The North Atlantic Treaty Organisation (NATO) is made up of 29 member countries and sets a guideline for its members to spend at least 2% of national GDP on defence annually.

Learn more about NATO spend below.

United States

Given that the US accounted for some 69% of the total NATO in 2018, its spending levels have a significant impact on the overall spending data for NATO as a whole.

However, it is worth noting that under the Trump Presidency, the US defence budget in 2018 returned to a level last seen in 2010. SIPRI’s figures show an increase of 4.6 % to reach $649 billion and reveal that spending by NATO members made up 53% of all global military expenditure in 2018.

President Trump has been keen to apply pressure on the rest of NATO members not only to hit the 2% spend guideline but to actually aspire to spending up to 4% of their GDP on defence.

According to estimated data from IISS, the United States contributed direct funding for NATO, which includes common procurements and missile defence, totalling $6.74 billion in 2018.

 

Europe

For NATO Europe, there has been a steady rise in defence spending since 2015, with the biggest year on year increase of $13.1 billion coming between 2017 and 2018.

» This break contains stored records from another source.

(* Let $X=\{0,1,2,3\}$, $s=(1\,3)$, $r=(0\,1\,2\,3)$, $A=\langle s,r\rangle$ (dihedral of order $8$), and let $b\in\mathrm{St}(1)\le\mathrm{Aut}(X^* )$ be given by $b|_0=b$, $b|_1=s$, $b|_2=s$, $b|_3=sr$. Let $B=\langle b\rangle$ (of order $2$) and $G=\langle A\cup B\rangle$. Then: (a) $G$ is not orbitwise-abelian (hence not strongly orbitwise-abelian); (b) the dynamical system $\Sigma_{\{b\}}$ is not eventually trivial (indeed $sr\in\Sigma_{\{b\}}(\{sr\})$); (c) $G$ is periodic.
   Context: $X^*$ is the free monoid on $X$ viewed as a rooted tree; $\mathrm{Aut}(X^* )$ acts on the right ($gh$ = first $g$ then $h$, so $sr$ means first $s$ then $r$); sections are defined by $(u\star v).g=u.g\star v.(g|_u)$; permutations of $X$ are rooted automorphisms; $\mathrm{St}(1)$ is the first layer stabiliser; $0$ is the distinguished letter. $\mathrm{st}_A(0)$ is the stabiliser of $0$; $\mathrm{orb}_c(0)$ the $\langle c\rangle$-orbit of $0$ and $\ell_c(0)$ its length. $G$ is orbitwise-abelian if for every $a\in A$ the group $\langle b'|_{0.c}:c\in\langle a\rangle\setminus\mathrm{st}_A(0),b'\in B\rangle$ is abelian. $\mathrm{mp}_A(0,x)=\{c\in A:0.c=x\}$; $\mathfrak C(a,x)=\{cac^{-1}:c\in\mathrm{mp}_A(0,x)\}$; $\mathfrak X(a,x)=\bigcup_{c\in\mathfrak C(a,x)}\mathrm{orb}_c(0)\setminus\{0\}$. For $S\subseteq B$: $H_S(a,x)=\langle b'|_y:y\in\mathfrak X(a,x),b'\in S\rangle$, $\sigma_S(a,x)=\langle b'|_{0.c}b'|_{0.c^2}\cdots b'|_{0.c^{\ell_c(0)-1}}:c\in\mathfrak C(a,x),b'\in S\rangle\cdot H_S(a,x)'$, $\Sigma_S(P)=\bigcup_{a\in P}\bigcup_{x\in X}\sigma_S(a,x)$; eventually trivial: for every $a$ there is $n$ with $\Sigma_S^m(\{a\})\subseteq\{1_A\}$ for all $m>n$. Periodic: every element has finite order. *)

theory Defs
  imports Main "HOL-Library.Numeral_Type"
begin

text \<open>The alphabet X = {0,1,2,3} is the type 4; X^* is the type of lists over it.
 Automorphisms of X^* are functions 4 list => 4 list, acting on the right:
 u.g is written g u.  Product gh = first g then h, i.e. the function h o g.\<close>

type_synonym aut = "4 list \<Rightarrow> 4 list"

definition mult :: "aut \<Rightarrow> aut \<Rightarrow> aut" where
  "mult g h = h \<circ> g"

definition letter :: "aut \<Rightarrow> 4 \<Rightarrow> 4" where
  "letter g x = hd (g [x])"

text \<open>Section: (u v).g = u.g (v.(g|_u)).\<close>
definition sect :: "aut \<Rightarrow> 4 list \<Rightarrow> aut" where
  "sect g u = (\<lambda>v. drop (length u) (g (u @ v)))"

definition rooted :: "(4 \<Rightarrow> 4) \<Rightarrow> aut" where
  "rooted p = (\<lambda>w. case w of [] \<Rightarrow> [] | x # v \<Rightarrow> p x # v)"

text \<open>Subgroup generated by a set of automorphisms (elements of S are bijections).\<close>
inductive_set gen :: "aut set \<Rightarrow> aut set" for S where
  gen_id: "id \<in> gen S"
| gen_mul: "g \<in> gen S \<Longrightarrow> x \<in> S \<Longrightarrow> mult g x \<in> gen S"
| gen_inv: "g \<in> gen S \<Longrightarrow> x \<in> S \<Longrightarrow> mult g (inv x) \<in> gen S"

definition abelian :: "aut set \<Rightarrow> bool" where
  "abelian H \<longleftrightarrow> (\<forall>g\<in>H. \<forall>h\<in>H. mult g h = mult h g)"

definition commutator :: "aut \<Rightarrow> aut \<Rightarrow> aut" where
  "commutator g h = mult (mult (mult (inv g) (inv h)) g) h"

definition derived :: "aut set \<Rightarrow> aut set" where
  "derived H = gen {commutator g h | g h. g \<in> H \<and> h \<in> H}"

definition setprod :: "aut set \<Rightarrow> aut set \<Rightarrow> aut set" where
  "setprod K H = {mult k h | k h. k \<in> K \<and> h \<in> H}"

definition stab :: "aut set \<Rightarrow> 4 \<Rightarrow> aut set" where
  "stab A x = {c \<in> A. letter c x = x}"

definition orb :: "aut \<Rightarrow> 4 \<Rightarrow> 4 set" where
  "orb c x = {letter (c ^^ n) x | n. True}"

definition orblen :: "aut \<Rightarrow> 4 \<Rightarrow> nat" where
  "orblen c x = card (orb c x)"

definition orbitwise_abelian :: "aut set \<Rightarrow> aut set \<Rightarrow> bool" where
  "orbitwise_abelian A B \<longleftrightarrow>
     (\<forall>a\<in>A. abelian (gen {sect b' [letter c 0] | c b'. c \<in> gen {a} - stab A 0 \<and> b' \<in> B}))"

Turkey’s expenditure was the largest driver for this as it focused on internal security and cross-border operations, spending an additional $2.8 billion in 2018.

 

 

The UK is hitting NATO’s targets

Looking at NATO’s guideline of a minimum of 2% of national GDP on defence spending, the UK was one of only six NATO members to meet this target spend alongside the USA, Greece, Poland, Latvia and Estonia in 2018.

For the last seven years, the UK has been the second highest spender in NATO, spending $60.4 billion on defence in 2018.

Another NATO guideline states that its members should spend at least 20% of their defence budget on equipment. In 2018, the UK was one of fourteen countries to meet this target, spending 24.2% of its defence expenditure on equipment.

Luxemburg came out top of this particular list, spending 41.8% of its defence budget on equipment. However, it also had the lowest spend on defence as a proportion of GDP, averaging just over 0.4% from 2012 through to 2018.

Since 2012, France, Turkey and the USA are the only countries to have consistently hit this target.